▸ **WHAT YOU HAVE TO DO**:
Scan the entries for "bullet". Every line that holds it is to be copied.
⁂
(* Let $A,\mu=\varrho_0\,dx,\nu=\varrho_1\,dx,r$ be as in the setting below, and let $\varphi\colon A\to[0,r]$ be a continuous function with convex sub-level sets such that $T=\varphi\,{\rm n}$ satisfies $\mu\circ T^{-1}=\nu$ and $T$ is injective on a set of full $\mu$-measure. Assume in addition that $\varphi$ is of class $C^2$ on the interior of $A$ with $\nabla\varphi\ne 0$ there, so that ${\rm n}=\nabla\varphi/|\nabla\varphi|$. Then for almost every $x\in A$, $$\det DT(x)=|\nabla\varphi(x)|\,\varphi(x)^{d-1}K(x)\quad\text{and}\quad \varrho_0(x)=\varrho_1\big(\varphi(x){\rm n}(x)\big)\,|\nabla\varphi(x)|\,\varphi(x)^{d-1}K(x),$$ where $K(x)$ is the Gauss curvature at $x$ of the level set $\{y:\varphi(y)=\varphi(x)\}$.
   Context: Setting: $d\ge2$, $A\subset\mathbb{R}^d$ compact convex, $\mu=\varrho_0\,dx$ a probability measure on $A$ equivalent to Lebesgue measure on $A$, $B_r=\{|x|\le r\}$, $\nu=\varrho_1\,dx$ a probability measure on $B_r$ equivalent to Lebesgue measure on $B_r$. For a smooth hypersurface $M$ with Gauss map ${\rm n}$, the Gauss curvature at $x$ is $K(x)=\det(\langle\partial_{e_i}{\rm n},e_j\rangle)_{i,j=2}^d$ for an orthonormal basis $e_2,\dots,e_d$ of $T_xM$. *)

theory Defs
  imports "HOL-Analysis.Analysis"
begin

definition tangent_onb :: "real^'n \<Rightarrow> (nat \<Rightarrow> real^'n) \<Rightarrow> bool" where
  "tangent_onb v e \<longleftrightarrow>
     (\<forall>i\<in>{2..CARD('n)}. \<forall>j\<in>{2..CARD('n)}. e i \<bullet> e j = (if i = j then 1 else 0)) \<and>
     (\<forall>i\<in>{2..CARD('n)}. e i \<bullet> v = 0)"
⁂
▸ **SOLUTION FOR THIS PROBLEM**:
     (\<forall>i\<in>{2..CARD('n)}. \<forall>j\<in>{2..CARD('n)}. e i \<bullet> e j = (if i = j then 1 else 0)) \<and>
     (\<forall>i\<in>{2..CARD('n)}. e i \<bullet> v = 0)"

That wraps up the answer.